How to Write a Good History Essay

"Why did things happen the way they did?" (not, "What happened?") is the sort of question that needs to be answered in an effective history essay. Answering the question entails not just gathering facts and dates, but explaining the connections between them. Explaining these causes in an essay does require a firm command of facts, but it also requires organization and creativity. A well-organized essay that clearly lays out the question it will answer and creatively answers it will certainly get the A.

Instructions

    • 1

      Find out what question you're going to answer. This will be easy if your instructor has told you to explain the relationship between the American South's economic structure and the advent of the Civil War. It may be a bit more difficult to handle if you have to craft a thesis on your own. Here's a good procedure to follow to get the juices flowing.

    • 2

      Pick a set of facts -- names, places, dates and events -- that seem interesting to you, and see if you can provide some satisfactory explanation of what links them together. One of the most important questions to ask in history is: What caused what? If ideas about democracy alone didn't cause the French Revolution, what did? Bread prices? Louis XVI's personality? The American Revolution's inspiration? Of any historical question, you can ask: Were material causes or big ideas more decisive? Who allied with whom, and why? Were certain key figures or vast trends more decisive?

    • 3

      Create a specific thesis.
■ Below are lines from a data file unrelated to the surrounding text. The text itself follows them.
lemma tail_of_density_measurable [measurable]:
  assumes [measurable]: "w \<in> borel_measurable borel"
  shows "tail_of_density w \<in> borel_measurable borel"
proof -
  have "tail_of_density w = (\<lambda>s. LINT y|lborel. (if s < y then w y else 0))"
    unfolding tail_of_density_def set_lebesgue_integral_def
    by (intro ext Bochner_Integration.integral_cong) (auto simp: indicator_def)
  then show ?thesis by simp
qed

lemma tail_of_density_antimono:
  assumes "integrable lborel w" "\<And>y. 0 \<le> w y" "x \<le> s"
  shows "tail_of_density w s \<le> tail_of_density w x"
  unfolding tail_of_density_def set_lebesgue_integral_def
  using integrable_mult_indicator[OF _ assms(1), of "{x<..}"]
    integrable_mult_indicator[OF _ assms(1), of "{s<..}"] assms(2,3)
  by (intro integral_mono) (auto simp: indicator_def)

lemma tail_of_density_right_continuous:
  assumes w_int: "integrable lborel w" and w_nonneg: "\<And>y. 0 \<le> w y" and "0 < \<epsilon>"
  obtains \<delta> where "0 < \<delta>" "\<And>s. x \<le> s \<Longrightarrow> s \<le> x + \<delta> \<Longrightarrow> tail_of_density w x - tail_of_density w s < \<epsilon>"
proof -
  let ?F = "\<lambda>b. LBINT y:{x..b}. w y"
  have "continuous_on UNIV ?F"
  proof (rule continuous_on_LBINT)
    show "set_integrable lborel {x..b} w" for b
      unfolding set_integrable_def by (intro integrable_mult_indicator w_int) simp
  qed
  moreover have "?F x = 0"
    unfolding set_lebesgue_integral_def
    by (intro integral_eq_zero_AE eventually_mono[OF AE_lborel_singleton[of x]]) auto
  ultimately obtain \<delta> where "0 < \<delta>" and \<delta>: "\<And>b. dist b x < \<delta> \<Longrightarrow> \<bar>?F b\<bar> < \<epsilon>"
    using \<open>0 < \<epsilon>\<close> unfolding continuous_on_iff by (metis UNIV_I dist_real_def diff_zero)
  show ?thesis
  proof (rule that[OF half_gt_zero[OF \<open>0 < \<delta>\<close>]])
    fix s assume s: "x \<le> s" "s \<le> x + \<delta> / 2"
    have "tail_of_density w x - tail_of_density w s
        = (LINT y|lborel. (indicator {x<..} y - indicator {s<..} y) * w y)"
      using integrable_mult_indicator[OF _ w_int, of "{x<..}"]
        integrable_mult_indicator[OF _ w_int, of "{s<..}"]
      by (simp add: tail_of_density_def set_lebesgue_integral_def left_diff_distrib)
    also have "\<dots> \<le> ?F s"
      unfolding set_lebesgue_integral_def
      using integrable_mult_indicator[OF _ w_int, of "{x<..}"]
        integrable_mult_indicator[OF _ w_int, of "{s<..}"]
        integrable_mult_indicator[OF _ w_int, of "{x..s}"] w_nonneg s
      by (intro integral_mono) (auto simp: left_diff_distrib indicator_def)
    also have "\<dots> < \<epsilon>" using \<delta>[of s] s \<open>0 < \<delta>\<close> by (simp add: dist_real_def)
    finally show "tail_of_density w x - tail_of_density w s < \<epsilon>" .
  qed
qed

lemma nn_integral_tail_of_density:
  assumes "integrable lborel w" "\<And>y. 0 \<le> w y"
  shows "(\<integral>\<^sup>+y. ennreal (indicator {s<..} y * w y) \<partial>lborel) = ennreal (tail_of_density w s)"
proof -
  have "integrable lborel (\<lambda>y. indicator {s<..} y * w y)"
    using integrable_mult_indicator[OF _ assms(1), of "{s<..}"] by simp
  then show ?thesis
    using assms(2) unfolding tail_of_density_def set_lebesgue_integral_def
    by (simp add: nn_integral_eq_integral)
qed

lemma nn_integral_powr_derivative:
  fixes h y :: real assumes "0 < h" "0 < y"
  shows "(\<integral>\<^sup>+s. ennreal (h * s powr (h - 1)) * indicator {0..<y} s \<partial>lborel) = ennreal (y powr h)"
proof -
  have "((\<lambda>s. s powr (h - 1)) has_integral y powr h / h) {0..y}"
    using has_integral_powr_from_0[of "h - 1" y] assms by simp
  then have "((\<lambda>s. h * s powr (h - 1)) has_integral h * (y powr h / h)) {0..y}"
    by (rule has_integral_mult_right)
  then have "((\<lambda>s. h * s powr (h - 1)) has_integral y powr h) {0..y}"
    using assms by simp
  then have "(\<integral>\<^sup>+s. ennreal (h * s powr (h - 1)) * indicator {0..y} s \<partial>lborel) = ennreal (y powr h)"
    by (rule nn_integral_has_integral_lebesgue'[rotated]) (use assms in simp)
  moreover have "(\<integral>\<^sup>+s. ennreal (h * s powr (h - 1)) * indicator {0..<y} s \<partial>lborel)
      = (\<integral>\<^sup>+s. ennreal (h * s powr (h - 1)) * indicator {0..y} s \<partial>lborel)"
    by (intro nn_integral_cong_AE eventually_mono[OF AE_lborel_singleton[of y]])
       (auto simp: indicator_def)
  ultimately show ?thesis by simp
qed

lemma nn_integral_powr_moment_tail:
  fixes w :: "real \<Rightarrow> real" and h :: real
  assumes [measurable]: "w \<in> borel_measurable borel" and w_nonneg: "\<And>y. 0 \<le> w y"
    and w_vanish: "\<And>y. y \<le> 0 \<Longrightarrow> w y = 0" and h: "0 < h" and w_int: "integrable lborel w"
  shows "(\<integral>\<^sup>+y. ennreal (y powr h * w y) \<partial>lborel)
           = (\<integral>\<^sup>+s. ennreal (indicator {0..} s * (h * s powr (h - 1) * tail_of_density w s)) \<partial>lborel)"
proof -
  have density_nonneg: "0 \<le> h * s powr (h - 1)" for s using h by simp
  let ?F = "\<lambda>s y. if 0 \<le> s \<and> s < y then ennreal (w y) * ennreal (h * s powr (h - 1)) else 0"
  have inner_s: "ennreal (y powr h * w y) = (\<integral>\<^sup>+s. ?F s y \<partial>lborel)" for y
  proof (cases "0 < y")
    case True
    have "(\<integral>\<^sup>+s. ?F s y \<partial>lborel)
        = (\<integral>\<^sup>+s. ennreal (w y) * (ennreal (h * s powr (h - 1)) * indicator {0..<y} s) \<partial>lborel)"
      by (intro nn_integral_cong) (simp add: indicator_def)
    also have "\<dots> = ennreal (w y) * (\<integral>\<^sup>+s. ennreal (h * s powr (h - 1)) * indicator {0..<y} s \<partial>lborel)"
      by (rule nn_integral_cmult) measurable
    also have "\<dots> = ennreal (w y) * ennreal (y powr h)"
      by (simp only: nn_integral_powr_derivative[OF h True])
    finally show ?thesis by (simp add: ennreal_mult w_nonneg mult.commute)
  next
    case False
    then have "?F s y = 0" for s by auto
    then show ?thesis using False w_vanish[of y] by simp
  qed
  have inner_y: "(\<integral>\<^sup>+y. ?F s y \<partial>lborel)
      = ennreal (indicator {0..} s * (h * s powr (h - 1) * tail_of_density w s))" for s
  proof (cases "0 \<le> s")
    case True
    have "(\<integral>\<^sup>+y. ?F s y \<partial>lborel)
        = (\<integral>\<^sup>+y. ennreal (h * s powr (h - 1)) * ennreal (indicator {s<..} y * w y) \<partial>lborel)"
      using True by (intro nn_integral_cong) (auto simp: indicator_def mult.commute)
    also have "\<dots> = ennreal (h * s powr (h - 1)) * ennreal (tail_of_density w s)"
      by (simp add: nn_integral_cmult nn_integral_tail_of_density[OF w_int w_nonneg])
    finally show ?thesis
      using True tail_of_density_nonneg[OF w_nonneg] density_nonneg by (simp add: ennreal_mult)
  qed simp
  have "(\<integral>\<^sup>+y. ennreal (y powr h * w y) \<partial>lborel) = (\<integral>\<^sup>+y. \<integral>\<^sup>+s. ?F s y \<partial>lborel \<partial>lborel)"
    by (simp only: inner_s)
  also have "\<dots> = (\<integral>\<^sup>+s. \<integral>\<^sup>+y. ?F s y \<partial>lborel \<partial>lborel)"
    by (rule lborel_pair.Fubini'[symmetric]) measurable
  also have "\<dots> = (\<integral>\<^sup>+s. ennreal (indicator {0..} s * (h * s powr (h - 1) * tail_of_density w s)) \<partial>lborel)"
    by (simp only: inner_y)
  finally show ?thesis .
qed

lemma has_bochner_integral_powr_moment_tail:
  fixes w :: "real \<Rightarrow> real" and h :: real
  assumes [measurable]: "w \<in> borel_measurable borel" and w_nonneg: "\<And>y. 0 \<le> w y"
    and w_vanish: "\<And>y. y \<le> 0 \<Longrightarrow> w y = 0" and h: "0 < h"
    and w_int: "integrable lborel w" and moment_int: "integrable lborel (\<lambda>y. y powr h * w y)"
  shows "has_bochner_integral lborel
           (\<lambda>s. indicator {0..} s * (h * s powr (h - 1) * tail_of_density w s))
           (LINT y|lborel. y powr h * w y)"
proof (rule has_bochner_integral_nn_integral)
  show "(\<integral>\<^sup>+s. ennreal (indicator {0..} s * (h * s powr (h - 1) * tail_of_density w s)) \<partial>lborel)
      = ennreal (LINT y|lborel. y powr h * w y)"
    using moment_int w_nonneg
    by (simp add: nn_integral_powr_moment_tail[OF _ w_nonneg w_vanish h w_int, symmetric]
        nn_integral_eq_integral)
  show "AE s in lborel. 0 \<le> indicator {0..} s * (h * s powr (h - 1) * tail_of_density w s)"
    using tail_of_density_nonneg[OF w_nonneg] h by simp
qed (use w_nonneg in simp_all)

lemma strictly_dominates_tail_le:
  assumes "integrable lborel w1" "integrable lborel w2"
    and "(LINT y|lborel. w1 y) = (LINT y|lborel. w2 y)" and "strictly_dominates w1 w2"
  shows "tail_of_density w2 x \<le> tail_of_density w1 x"
  using assms by (simp add: tail_of_density_eq strictly_dominates_def)

lemma strictly_dominates_tail_gap:
  fixes w1 w2 :: "real \<Rightarrow> real"
  assumes nonneg: "\<And>y. 0 \<le> w1 y" "\<And>y. 0 \<le> w2 y"
    and vanish: "\<And>y. y \<le> 0 \<Longrightarrow> w1 y = 0" "\<And>y. y \<le> 0 \<Longrightarrow> w2 y = 0"
    and int: "integrable lborel w1" "integrable lborel w2"
    and mass: "(LINT y|lborel. w1 y) = (LINT y|lborel. w2 y)" and dom: "strictly_dominates w1 w2"
  obtains x0 \<eta> d where "0 < x0" "0 < \<eta>" "0 < d"
    "\<And>s. x0 \<le> s \<Longrightarrow> s \<le> x0 + \<eta> \<Longrightarrow> d \<le> tail_of_density w1 s - tail_of_density w2 s"
proof -
  obtain x0 where x0: "cdf_of_density w1 x0 \<noteq> cdf_of_density w2 x0"
    using dom by (auto simp: strictly_dominates_def)
  define d where "d = tail_of_density w1 x0 - tail_of_density w2 x0"
  have "d \<noteq> 0" using x0 int mass by (simp add: d_def tail_of_density_eq)
  then have "0 < d"
    using strictly_dominates_tail_le[OF int mass dom, of x0] by (simp add: d_def)
  have "0 < x0"
  proof (rule ccontr)
    assume "\<not> 0 < x0"
    then have "(\<lambda>y. indicator {..x0} y * w y) = (\<lambda>_. 0)"
      if "\<And>y. y \<le> 0 \<Longrightarrow> w y = 0" for w :: "real \<Rightarrow> real"
      using that by (auto simp: indicator_def)
    then show False using x0 vanish by (simp add: cdf_of_density_def set_lebesgue_integral_def)
  qed
  obtain \<eta> where "0 < \<eta>"
    and \<eta>: "\<And>s. x0 \<le> s \<Longrightarrow> s \<le> x0 + \<eta> \<Longrightarrow> tail_of_density w1 x0 - tail_of_density w1 s < d / 2"
    using tail_of_density_right_continuous[OF int(1) nonneg(1) half_gt_zero[OF \<open>0 < d\<close>]] by blast
  show ?thesis
  proof (rule that[OF \<open>0 < x0\<close> \<open>0 < \<eta>\<close> half_gt_zero[OF \<open>0 < d\<close>]])
    fix s assume "x0 \<le> s" "s \<le> x0 + \<eta>"
    then show "d / 2 \<le> tail_of_density w1 s - tail_of_density w2 s"
      using \<eta> tail_of_density_antimono[OF int(2) nonneg(2) \<open>x0 \<le> s\<close>] unfolding d_def by fastforce
  qed
qed

lemma integral_powr_weight_ge:
  fixes D :: "real \<Rightarrow> real"
  assumes int: "integrable lborel (\<lambda>s. indicator {0..} s * (h * s powr (h - 1) * D s))"
    and h: "0 < h" "h \<le> 1" and "0 < x0" "0 \<le> \<eta>" "0 \<le> d"
    and D_nonneg: "\<And>s. 0 \<le> D s" and D_ge: "\<And>s. x0 \<le> s \<Longrightarrow> s \<le> x0 + \<eta> \<Longrightarrow> d \<le> D s"
  shows "min 1 (1 / (x0 + \<eta>)) * d * \<eta> * h
           \<le> (LINT s|lborel. indicator {0..} s * (h * s powr (h - 1) * D s))"
proof -
  let ?m = "min 1 (1 / (x0 + \<eta>))"
  have "?m * d * \<eta> * h = (LINT s|lborel. h * ?m * d * indicator {x0..x0 + \<eta>} s)"
    using \<open>0 \<le> \<eta>\<close> by simp
  also have "\<dots> \<le> (LINT s|lborel. indicator {0..} s * (h * s powr (h - 1) * D s))"
  proof (rule integral_mono[OF _ int])
    show "integrable lborel (\<lambda>s. h * ?m * d * indicator {x0..x0 + \<eta>} s)"
      using \<open>0 \<le> \<eta>\<close> by simp
    fix s
    show "h * ?m * d * indicator {x0..x0 + \<eta>} s \<le> indicator {0..} s * (h * s powr (h - 1) * D s)"
    proof (cases "x0 \<le> s \<and> s \<le> x0 + \<eta>")
      case True
      have "?m \<le> s powr (h - 1)"
        using True \<open>0 < x0\<close> h by (intro powr_ge_min_one_inverse) auto
      then have "h * ?m * d \<le> h * s powr (h - 1) * D s"
        using D_ge[of s] True h \<open>0 \<le> d\<close> \<open>0 < x0\<close> by (intro mult_mono) auto
      then show ?thesis using True \<open>0 < x0\<close> by simp
    next
      case False
      then show ?thesis using D_nonneg[of s] h by simp
    qed
  qed
  finally show ?thesis .
qed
A thesis should be a statement that someone might be able to disagree with. It should also be something that you can demonstrate convincingly. If you say, "After fighting in the American Revolution, Lafayette helped start one in France," no one will disagree with you. There's no reason to write the paper. If you say, "Lafayette's actions in the Champs de Mars Massacre illustrate the ultimate irreconcilability of the American Revolution's values with the situation in France," your reader will probably not have thought that the Champs de Mars Massacre was that significant, and will want to read on. But don't say, "Lafayette's actions at the Champs de Mars Massacre doomed the Revolution," because you can't prove that.

    • 4

      Organize your paper with an outline before you start writing. You can either do this by writing a conventional outline, or simply by making sure you have a coherent topic for each paragraph and several facts.

    • 5

      Lay out some kind of interesting connection in each topic sentence, and in each paragraph, demonstrate the nature of the connections, using facts, dates and, if necessary, references to other historians. Think of each paragraph as a mini-thesis: if your topic sentence is too broad or unremarkable, focus it so that you have something to prove in the sentences that follow.

    • 6

      Conclude with a summary of your main points, and mention any possible avenues for future research. If you notice any other difficult problems, that you hadn't before, as you do your research and develop your argument, this is the place to point these out. A good paper builds solidly on previous research and paves the way for research to come.